§ LISTED RECORDS
(* For all positive integers $n,k$, $$WS^+(n+k) \geq S^+(k+1)\,WS^+(n).$$
   Context: A set $A \subseteq \mathbb{N}$ is sum-free if for all $(a,b)\in A^2$ (allowing $a=b$), $a+b \notin A$; it is weakly sum-free if for all $(a,b)\in A^2$ with $a\neq b$, $a+b\notin A$. An S-template with $m$ colors and width $p$ is a partition of $\{1,\dots,p\}$ into $m$ sum-free subsets $A_1,\dots,A_m$ such that for every $i\in\{1,\dots,m-1\}$ and all $(x,y)\in A_i^2$, $x+y>p$ implies $x+y-p\notin A_i$; $S^+(m)$ is the greatest width of an S-template with $m$ colors. For positive integers $a>b$, let $\pi(x) = (x \bmod a) + a\cdot \mathbb{1}_{\{0,\dots,b\}}(x \bmod a)$. For positive integers $a,m,b$ with $a>b$, a partition $(A_1,\dots,A_m)$ of $\{1,\dots,a+b\}$ is a $b$-WS-template with width $a$ and $m$ colors if: (i) every $A_i$ is weakly sum-free; (ii) every $A_i\setminus\{1,\dots,b\}$ is sum-free; (iii) for all $(x,y)\in A_m^2$, $x+y>b+2a$ implies $x+y-2a\notin A_m$; (iv) for all $i\in\{1,\dots,m-1\}$ and $(x,y)\in A_i^2$, $x+y>a+b$ implies $\pi(x+y)\notin A_i$. $WS^+_b(m)$ is the largest $a$ such that a $b$-WS-template with width $a$ and $m$ colors exists ($0$ if none), and $WS^+(m)=\max_{b\in\mathbb{N}^*} WS^+_b(m)$. *)

theory Defs
  imports Main "HOL-Library.Extended_Nat"
begin

definition sum_free :: "nat set \<Rightarrow> bool" where
  "sum_free A \<longleftrightarrow> (\<forall>a\<in>A. \<forall>b\<in>A. a + b \<notin> A)"

definition weakly_sum_free :: "nat set \<Rightarrow> bool" where
  "weakly_sum_free A \<longleftrightarrow> (\<forall>a\<in>A. \<forall>b\<in>A. a \<noteq> b \<longrightarrow> a + b \<notin> A)"

definition is_partition :: "nat set \<Rightarrow> nat \<Rightarrow> (nat \<Rightarrow> nat set) \<Rightarrow> bool" where
  "is_partition S m A \<longleftrightarrow>
     (\<Union>i\<in>{1..m}. A i) = S \<and>
     (\<forall>i\<in>{1..m}. \<forall>j\<in>{1..m}. i \<noteq> j \<longrightarrow> A i \<inter> A j = {})"

definition S_template :: "nat \<Rightarrow> nat \<Rightarrow> (nat \<Rightarrow> nat set) \<Rightarrow> bool" where
  "S_template m p A \<longleftrightarrow>
     is_partition {1..p} m A \<and>
     (\<forall>i\<in>{1..m}. sum_free (A i)) \<and>
     (\<forall>i\<in>{1..m-1}. \<forall>x\<in>A i. \<forall>y\<in>A i. x + y > p \<longrightarrow> x + y - p \<notin> A i)"

definition S_plus :: "nat \<Rightarrow> enat" where
  "S_plus m = Sup {enat p | p. \<exists>A. S_template m p A}"

definition pi_map :: "nat \<Rightarrow> nat \<Rightarrow> nat \<Rightarrow> nat" where
  "pi_map a b x = (x mod a) + (if x mod a \<in> {0..b} then a else 0)"

definition WS_template :: "nat \<Rightarrow> nat \<Rightarrow> nat \<Rightarrow> (nat \<Rightarrow> nat set) \<Rightarrow> bool" where
  "WS_template b a m A \<longleftrightarrow>
     0 < b \<and> b < a \<and> 0 < m \<and>
     is_partition {1..a+b} m A \<and>
     (\<forall>i\<in>{1..m}. weakly_sum_free (A i)) \<and>
     (\<forall>i\<in>{1..m}. sum_free (A i - {1..b})) \<and>
     (\<forall>x\<in>A m. \<forall>y\<in>A m. x + y > b + 2 * a \<longrightarrow> x + y - 2 * a \<notin> A m) \<and>
     (\<forall>i\<in>{1..m-1}. \<forall>x\<in>A i. \<forall>y\<in>A i. x + y > a + b \<longrightarrow> pi_map a b (x + y) \<notin> A i)"

text \<open>Largest width (0 if none); valued in enat so no finiteness is presupposed.\<close>
definition WS_plus_b :: "nat \<Rightarrow> nat \<Rightarrow> enat" where
  "WS_plus_b b m = Sup {enat a | a. \<exists>A. WS_template b a m A}"

definition WS_plus :: "nat \<Rightarrow> enat" where
  "WS_plus m = (SUP b\<in>{b. 0 < b}. WS_plus_b b m)"

end

theory Submission
  imports Defs
begin

text \<open>Write z = a q + r with the remainder r in {b+1..a+b}. Colour z by the WS-colour c of r
  when c < n; when c = n, refine this colour by the S-colour of the block number q + 1, which
  yields n + k colours on {1..p a + b}. In a monochromatic sum x + y = z the residues of x and y
  add up to the residue of z up to a carry; the WS conditions leave only the case c = n with a
  carry of exactly one block, and then the block numbers q + 1 of x, y, z form a monochromatic
  sum (or, across the wrap-around, a sum modulo p) in the S-template.\<close>

definition shifted_div :: "nat \<Rightarrow> nat \<Rightarrow> nat \<Rightarrow> nat" where
  "shifted_div a b z = (if z \<le> b then 0 else (z - b - 1) div a)"

definition shifted_mod :: "nat \<Rightarrow> nat \<Rightarrow> nat \<Rightarrow> nat" where
  "shifted_mod a b z = (if z \<le> b then z else (z - b - 1) mod a + b + 1)"

lemma shifted_div_mod_eq: "a * shifted_div a b z + shifted_mod a b z = z"
proof (cases "z \<le> b")
  case False
  have "a * ((z - b - 1) div a) + (z - b - 1) mod a = z - b - 1"
    by (rule mult_div_mod_eq)
  with False show ?thesis
    by (simp add: shifted_div_def shifted_mod_def)
qed (simp add: shifted_div_def shifted_mod_def)

lemma shifted_div_mod_small [simp]:
  "z \<le> b \<Longrightarrow> shifted_mod a b z = z"
  "z \<le> b \<Longrightarrow> shifted_div a b z = 0"
  by (simp_all add: shifted_div_def shifted_mod_def)

lemma shifted_mod_gt_iff [simp]: "b < shifted_mod a b z \<longleftrightarrow> b < z"
  by (simp add: shifted_mod_def)

lemma shifted_mod_le_iff [simp]: "shifted_mod a b z \<le> b \<longleftrightarrow> z \<le> b"
  by (simp add: shifted_mod_def)

lemma shifted_mod_pos: "0 < z \<Longrightarrow> 0 < shifted_mod a b z"
  by (simp add: shifted_mod_def)

lemma shifted_mod_le: "0 < a \<Longrightarrow> shifted_mod a b z \<le> a + b"
  by (simp add: shifted_mod_def Suc_leI)

lemma shifted_div_mod_unique:
  assumes "b < r" "r \<le> a + b" "z = a * j + r"
  shows "shifted_mod a b z = r \<and> shifted_div a b z = j"
proof -
  have "z - b - 1 = (r - b - 1) + a * j" "r - b - 1 < a"
    using assms by simp_all
  then have "(z - b - 1) mod a = r - b - 1" "(z - b - 1) div a = j"
    by simp_all
  with assms show ?thesis
    by (simp add: shifted_div_def shifted_mod_def)
qed

lemma shifted_div_mod_eqI:
  assumes "a * j + b < z" "z \<le> a * j + a + b"
  shows "shifted_mod a b z = z - a * j \<and> shifted_div a b z = j"
  using assms by (intro shifted_div_mod_unique) auto

lemma shifted_div_mod_le_self:
  assumes "z \<le> a + b"
  shows "shifted_mod a b z = z \<and> shifted_div a b z = 0"
  using assms shifted_div_mod_eqI[of a 0 b z] by (cases "z \<le> b") simp_all

lemma shifted_div_less:
  assumes "0 < p" "z \<le> p * a + b"
  shows "shifted_div a b z < p"
proof (cases "z \<le> b")
  case False
  have "a * shifted_div a b z + shifted_mod a b z = z" by (rule shifted_div_mod_eq)
  moreover have "b < shifted_mod a b z" using False by simp
  ultimately have "a * shifted_div a b z < p * a"
    using assms(2) by linarith
  then show ?thesis by (simp add: mult.commute[of p a])
qed (use assms in simp)

lemma pi_map_eq_shifted_mod:
  assumes "b < a" "b < w"
  shows "pi_map a b w = shifted_mod a b w"
proof (cases "w mod a \<le> b")
  case True
  have "a \<le> w"
    using True assms by (metis mod_less not_le)
  then have "0 < w div a"
    using assms by (simp add: div_greater_zero_iff)
  then have "w = a * (w div a - 1) + (w mod a + a)"
    by (metis Suc_diff_1 add.assoc add.commute mult_Suc_right mult_div_mod_eq)
  with True assms show ?thesis
    using shifted_div_mod_unique[of b "w mod a + a" a w] by (simp add: pi_map_def)
next
  case False
  have "w mod a < a"
    using assms by simp
  with False show ?thesis
    using shifted_div_mod_unique[of b "w mod a" a w "w div a"] by (simp add: pi_map_def)
qed
lemma A_element_obtains_sum_underlines:
  assumes P: "partition_on UNIV P" and fin: "\<And>D. D \<in> P \<Longrightarrow> finite D" and z: "A_element P z"
  obtains R c where "finite R" "R \<subseteq> P" "z = (\<Sum>D\<in>R. of_int (c D) * underline D)"
proof
  let ?R = "part_of P ` Poly_Mapping.keys z" and ?c = "\<lambda>D. Poly_Mapping.lookup z (SOME g. g \<in> D)"
  show "finite ?R" by simp
  show R: "?R \<subseteq> P" using part_of_in_partition[OF P] by auto
  show "z = (\<Sum>D\<in>?R. of_int (?c D) * underline D)"
  proof (rule poly_mapping_eqI)
    fix g
    let ?E = "part_of P g"
    have E: "?E \<in> P" "g \<in> ?E" using part_of_in_partition[OF P] by auto
    have "Poly_Mapping.lookup (\<Sum>D\<in>?R. of_int (?c D) * underline D) g
        = (\<Sum>D\<in>?R. ?c D * (if g \<in> D then 1 else 0))"
      using R fin by (auto simp: lookup_sum lookup_of_int_mult lookup_underline intro!: sum.cong)
    also have "\<dots> = (\<Sum>D\<in>?R. if D = ?E then ?c D else 0)"
    proof (rule sum.cong)
      fix D assume "D \<in> ?R"
      then have "g \<in> D \<longleftrightarrow> D = ?E"
        using R E partition_on_part_unique[OF P, of D ?E g] by auto
      then show "?c D * (if g \<in> D then 1 else 0) = (if D = ?E then ?c D else 0)"
        by simp
    qed simp
    also have "\<dots> = Poly_Mapping.lookup z g"
    proof (cases "?E \<in> ?R")
      case True
      have "(SOME h. h \<in> ?E) \<in> ?E" using E(2) by (rule someI)
      then have "?c ?E = Poly_Mapping.lookup z g"
        using A_elementD[OF z E(1) _ E(2)] by blast
      then show ?thesis using True by (simp add: sum.delta)
    next
      case False
      then have "g \<notin> Poly_Mapping.keys z" by blast
      then show ?thesis using False by (simp add: in_keys_iff)
    qed
    finally show "Poly_Mapping.lookup z g = Poly_Mapping.lookup (\<Sum>D\<in>?R. of_int (?c D) * underline D) g"
      by simp
  qed
qed

lemma A_element_mult:
  fixes \<D> :: "'g::ab_group_add set set"
  assumes SR: "schur_ring TYPE('f::field_char_0) \<D>" and "A_element \<D> x" "A_element \<D> y"
  shows "A_element \<D> (x * y)"
proof -
  note P = schur_ring_partition[OF SR] and fin = schur_ring_finite[OF SR]
  obtain R c where R: "finite R" "R \<subseteq> \<D>" and x: "x = (\<Sum>D\<in>R. of_int (c D) * underline D)"
    using A_element_obtains_sum_underlines[OF P fin assms(2)] by blast
  obtain R' c' where R': "finite R'" "R' \<subseteq> \<D>" and y: "y = (\<Sum>E\<in>R'. of_int (c' E) * underline E)"
    using A_element_obtains_sum_underlines[OF P fin assms(3)] by blast
  have xy: "x * y = (\<Sum>D\<in>R. \<Sum>E\<in>R'. of_int (c D * c' E) * (underline D * underline E))"
    unfolding x y sum_product by (simp add: ac_simps)
  show ?thesis
    unfolding xy using R(2) R'(2)
    by (intro A_element_sum A_element_of_int_mult A_element_underline_mult_basic[OF SR]) blast+
qed

lemma A_element_power:
  fixes \<D> :: "'g::ab_group_add set set"
  assumes "schur_ring TYPE('f::field_char_0) \<D>" "A_element \<D> x"
  shows "A_element \<D> (x ^ Suc n)"
proof (induction n)
  case (Suc n)
  then show ?case using A_element_mult[OF assms(1,2)] by simp
qed (simp add: assms(2))

lemma set_prod_coeff_const_on_basic_set_A_set:
  fixes \<D> :: "'g::ab_group_add set set"
  assumes SR: "schur_ring TYPE('f::field_char_0) \<D>" and S1: "A_set \<D> S1" and S2: "A_set \<D> S2"
    and "E \<in> \<D>" "g \<in> E" "h \<in> E"
  shows "set_prod_coeff S1 S2 g = set_prod_coeff S1 S2 h"
proof -
  have "A_element \<D> (underline S1 * underline S2)"
    using SR S1 S2 by (intro A_element_mult A_element_underline)
  then have "Poly_Mapping.lookup (underline S1 * underline S2) g
      = Poly_Mapping.lookup (underline S1 * underline S2) h"
    using assms(4-6) by (rule A_elementD)
  moreover have "finite S1" "finite S2" using S1 S2 unfolding A_set_def by auto
  ultimately show ?thesis by (simp add: lookup_underline_mult)
qed

lemma prime_dvd_power_add_diff:
  fixes x y :: "'a::comm_ring_1"
  assumes p: "prime p"
  shows "of_nat p dvd (x + y) ^ p - x ^ p - y ^ p"
proof -
  define F where "F k = of_nat (p choose k) * x ^ k * y ^ (p - k)" for k
  have "1 < p" using p prime_gt_1_nat by blast
  then have "{..p} = insert 0 (insert p {1..<p})" by auto
  then have "(x + y) ^ p = F 0 + F p + (\<Sum>k\<in>{1..<p}. F k)"
    using \<open>1 < p\<close> unfolding binomial_ring F_def by (simp add: algebra_simps)
  then have eq: "(x + y) ^ p - x ^ p - y ^ p = (\<Sum>k\<in>{1..<p}. F k)"
    unfolding F_def by simp
  have "of_nat p dvd F k" if "k \<in> {1..<p}" for k
  proof -
    have "p dvd p choose k" using that p by (intro dvd_choose_prime) auto
    then obtain c where "p choose k = p * c" ..
    then show ?thesis unfolding F_def by (simp add: mult.assoc)
  qed
  then have "of_nat p dvd (\<Sum>k\<in>{1..<p}. F k)" by (rule dvd_sum)
  then show ?thesis by (simp only: eq)
qed

lemma prime_dvd_power_sum_diff:
  fixes f :: "'b \<Rightarrow> 'a::comm_ring_1"
  assumes p: "prime p"
  shows "of_nat p dvd (\<Sum>t\<in>T. f t) ^ p - (\<Sum>t\<in>T. f t ^ p)"
proof (induction T rule: infinite_finite_induct)
  case (insert a T)
  have "(\<Sum>t\<in>insert a T. f t) ^ p - (\<Sum>t\<in>insert a T. f t ^ p)
      = ((f a + sum f T) ^ p - f a ^ p - sum f T ^ p) + (sum f T ^ p - (\<Sum>t\<in>T. f t ^ p))"
    using insert.hyps by (simp add: algebra_simps)
  moreover have "of_nat p dvd ((f a + sum f T) ^ p - f a ^ p - sum f T ^ p) + (sum f T ^ p - (\<Sum>t\<in>T. f t ^ p))"
    by (rule dvd_add[OF prime_dvd_power_add_diff[OF p] insert.IH])
  ultimately show ?case by (simp only:)
qed (use prime_gt_0_nat[OF p] in \<open>simp_all add: power_0_left\<close>)

definition multiple :: "nat \<Rightarrow> 'g::comm_monoid_add \<Rightarrow> 'g" where
  "multiple n t = (\<Sum>i<n. t)"

lemma multiple_add: "multiple (m + n) t = multiple m t + multiple n t"
  unfolding multiple_def by (induction n) (simp_all add: add_ac)

lemma multiple_mult: "multiple (m * n) t = multiple m (multiple n t)"
  by (induction m) (simp_all add: multiple_add, simp_all add: multiple_def add_ac)

lemma single_one_power:
  "Poly_Mapping.single t (1::'r::comm_semiring_1) ^ n = Poly_Mapping.single (multiple n t) 1"
  by (induction n) (simp_all add: multiple_def mult_single add_ac)

lemma multiple_int_prod: "multiple n t = (int n * fst t, int n * snd t)"
  unfolding multiple_def by (simp add: prod_eq_iff fst_sum snd_sum)

lemma A_set_multiple_prime:
  fixes \<D> :: "'g::ab_group_add set set"
  assumes SR: "schur_ring TYPE('f::field_char_0) \<D>" and p: "prime p"
    and inj: "inj_on (multiple p) T" and T: "A_set \<D> T"
  shows "A_set \<D> (multiple p ` T)"
proof -
  let ?pT = "multiple p ` T"
  have "finite T" "finite ?pT" using T unfolding A_set_def by auto
  have "underline ?pT = (\<Sum>t\<in>T. Poly_Mapping.single t 1 ^ p)"
    unfolding underline_def single_one_power using inj by (simp add: sum.reindex)
  then have "of_nat p dvd underline T ^ p - underline ?pT"
    unfolding underline_def by (simp only: prime_dvd_power_sum_diff[OF p])
  then obtain w where w: "underline T ^ p = underline ?pT + of_nat p * w"
    by (metis dvdE diff_eq_eq add.commute)
  have "1 < p" using p prime_gt_1_nat by blast
  then have power: "A_element \<D> (underline T ^ p)"
    using A_element_power[OF SR A_element_underline[OF T], of "p - 1"] by simp
  have lookup_power: "Poly_Mapping.lookup (underline T ^ p) g
      = (if g \<in> ?pT then 1 else 0) + int p * Poly_Mapping.lookup w g" for g
    using lookup_of_int_mult[of "int p" w g] \<open>finite ?pT\<close>
    by (simp add: w lookup_add lookup_underline)
  have "h \<in> ?pT" if "D \<in> \<D>" "g \<in> D" "h \<in> D" "g \<in> ?pT" for D g h
  proof (rule ccontr)
    assume "h \<notin> ?pT"
    then have "1 + int p * Poly_Mapping.lookup w g = int p * Poly_Mapping.lookup w h"
      using A_elementD[OF power that(1-3)] lookup_power[of g] lookup_power[of h] \<open>g \<in> ?pT\<close>
      by simp
    then have "1 = int p * (Poly_Mapping.lookup w h - Poly_Mapping.lookup w g)"
      by (simp add: algebra_simps)
    then have "int p dvd 1" by (rule dvdI)
    then show False using \<open>1 < p\<close> by simp
  qed
  then show ?thesis using \<open>finite ?pT\<close> unfolding A_set_def by blast
qed
(* Assume $n \geq 2k$. Let $y = y_T\, y_{T^*}\, c_{\underline s,\underline t}$ and let $x' = x'_{T,T^*,\underline s,\underline t}$ be the simple tensor defined in the context. Then $e\,y\,x' \neq 0$ if and only if $s_i \neq t_i$ for all pairs $(s_i,t_i)$, $i=1,\dots,k-r$. Hence $eM_{\lambda,\mu} \neq 0$ precisely when this condition can be satisfied (for some choice of $\underline s,\underline t,T,T^*$ with $T,T^*$ of shapes $\lambda,\mu$), and in that case $eM_{\lambda,\mu}$ is the linear span of all the nonzero vectors $e\,y\,x'$, with $y$ and $x'$ of this form and $T,T^*$ of shapes $\lambda,\mu$.
   Context: Let $\mathfrak g = \mathfrak{gl}_n$ (complex), $V=\mathbb C^n$ the natural module with standard basis $v_1,\dots,v_n$, $V^*$ its dual with dual basis $v_1^*,\dots,v_n^*$, and $M = V^{\otimes k}\otimes (V^* )^{\otimes k}$. For $i,j\in\{1,\dots,k\}$ the contraction map $c_{i,j}$ on $M$ is $c_{i,j}(u_1\otimes\cdots\otimes u_k\otimes w_1^*\otimes\cdots\otimes w_k^* ) = \mathrm{tr}(u_iw_j^* )\sum_{\ell=1}^n u_1\otimes\cdots\otimes v_\ell\otimes\cdots\otimes u_k\otimes w_1^*\otimes\cdots\otimes v_\ell^*\otimes\cdots\otimes w_k^*$, with $v_\ell$ in the $i$th slot of $V^{\otimes k}$ and $v_\ell^*$ in the $j$th slot of $(V^* )^{\otimes k}$. Put $p_i = \frac1n c_{i,i}$ (commuting idempotents) and $e = (\mathrm{id}-p_1)(\mathrm{id}-p_2)\cdots(\mathrm{id}-p_k)$, so that $eM\cong \mathfrak{sl}_n^{\otimes k}$. For $0\le r\le k$, let $\underline s=\{s_1<\dots<s_{k-r}\}$ and $\underline t=\{t_1,\dots,t_{k-r}\}$ be ordered subsets of $\{1,\dots,k\}$ of size $k-r$, and $c_{\underline s,\underline t} = c_{s_1,t_1}\cdots c_{s_{k-r},t_{k-r}}$. Let $\lambda,\mu$ be partitions of $r$, $T$ a standard tableau of shape $\lambda$ with entries in $\underline s^c=\{1,\dots,k\}\setminus\underline s$, and $T^*$ a standard tableau of shape $\mu$ with entries in $\underline t^c$. The Young symmetrizer is $y_T = (\sum_{\rho\in R_T}\rho)(\sum_{\gamma\in C_T}\mathrm{sgn}(\gamma)\gamma)$ ($R_T$, $C_T$ the row and column groups of $T$), acting on $V^{\otimes k}$ by place permutations; $y_{T^*}$ acts likewise on $(V^* )^{\otimes k}$. The simple tensor $x'=x'_{T,T^*,\underline s,\underline t}=u_1'\otimes\cdots\otimes u_k'\otimes (w_1^* )'\otimes\cdots\otimes (w_k^* )'$ is defined by $u_p' = v_{r+i}$ if $p=s_i$, $u_p'=v_j$ if $p\in\underline s^c$ lies in row $j$ of $T$; $(w_p^* )' = v_{r+i}^*$ if $p=t_i$, $(w_p^* )'=v^*_{n-j+1}$ if $p\in\underline t^c$ lies in row $j$ of $T^*$. (The vector $yx'$ equals $yx$ for the analogous tensor $x$ with $v_1, v_1^*$ in the slots $s_i,t_i$, and is a maximal vector of highest weight $(\lambda,\mu)$.) $M_{\lambda,\mu}$ denotes the span of all such maximal vectors $y x'$ over all pairs $\underline s,\underline t$ of ordered subsets of size $k-r$ and all standard tableaux $T$ (resp. $T^*$) of shape $\lambda$ (resp. $\mu$) with entries in $\underline s^c$ (resp. $\underline t^c$); for $n\ge 2k$ these are the irreducible modules for $\mathrm{End}_{\mathfrak g}(M)$. *)

theory Defs
  imports Complex_Main "HOL-Combinatorics.Permutations"
begin
lemma spanning_tree_insert_iff:
  assumes "simple_graph V E" "spanning_2forest V E F" "{a, b} \<in> E"
  shows "spanning_tree V E (insert {a, b} F) \<longleftrightarrow> (a, b) \<notin> (adj_rel F)\<^sup>*"
proof -
  have F: "F \<subseteq> E" "\<not> has_cycle F" "card (parts V F) = 2"
    using assms(2) by (auto simp: spanning_2forest_def)
  have ab: "a \<in> V" "b \<in> V"
    using simple_graph_edge_ends[OF assms(1,3)] by blast+
  show ?thesis
  proof
    assume "spanning_tree V E (insert {a, b} F)"
    then show "(a, b) \<notin> (adj_rel F)\<^sup>*"
      using parts_insert_connected[OF ab] F(3) by (auto simp: spanning_tree_def)
  next
    assume "(a, b) \<notin> (adj_rel F)\<^sup>*"
    then show "spanning_tree V E (insert {a, b} F)"
      using card_parts_insert_edge[OF _ ab] not_has_cycle_insert[OF F(2)] F assms(1,3)
      by (auto simp: spanning_tree_def simple_graph_def)
  qed
qed

lemma comp_two_parts:
  assumes "card (parts V F) = 2" "X \<in> parts V F" "v \<in> V"
  shows "comp V F v = (if v \<in> X then X else V - X)"
proof -
  obtain x y where "parts V F = {x, y}" "x \<noteq> y"
    using assms(1) by (auto simp: card_2_iff)
  moreover define Y where "Y = (if x = X then y else x)"
  ultimately have Y: "parts V F = {X, Y}" "Y \<noteq> X"
    using assms(2) by auto
  have "\<Union> (parts V F) = V"
    unfolding parts_def by (auto simp: comp_iff)
  moreover have "X \<inter> Y = {}"
  proof (rule equals0I)
    fix v
    assume "v \<in> X \<inter> Y"
    then have "X = comp V F v" "Y = comp V F v"
      using Y(1) parts_eq_comp[of _ V F v] by auto
    then show False using Y(2) by simp
  qed
  ultimately have "Y = V - X"
    using Y(1) by auto
  show ?thesis
  proof (cases "v \<in> X")
    case True
    then show ?thesis using parts_eq_comp[OF assms(2)] by simp
  next
    case False
    have "comp V F v \<in> {X, Y}"
      using comp_in_parts[OF assms(3), of F] Y(1) by simp
    moreover have "comp V F v \<noteq> X"
      using comp_self[OF assms(3)] False by blast
    ultimately show ?thesis
      using False \<open>Y = V - X\<close> by simp
  qed
qed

§ PROBLEM STATEMENT
Copy only this part of the entries above: the line with "a \<noteq> b", the line with "i \<noteq> j", and the lines between, all exactly as written.

§ OUTPUT FOR THIS EXERCISE
  "weakly_sum_free A \<longleftrightarrow> (\<forall>a\<in>A. \<forall>b\<in>A. a \<noteq> b \<longrightarrow> a + b \<notin> A)"

definition is_partition :: "nat set \<Rightarrow> nat \<Rightarrow> (nat \<Rightarrow> nat set) \<Rightarrow> bool" where
  "is_partition S m A \<longleftrightarrow>
     (\<Union>i\<in>{1..m}. A i) = S \<and>
     (\<forall>i\<in>{1..m}. \<forall>j\<in>{1..m}. i \<noteq> j \<longrightarrow> A i \<inter> A j = {})"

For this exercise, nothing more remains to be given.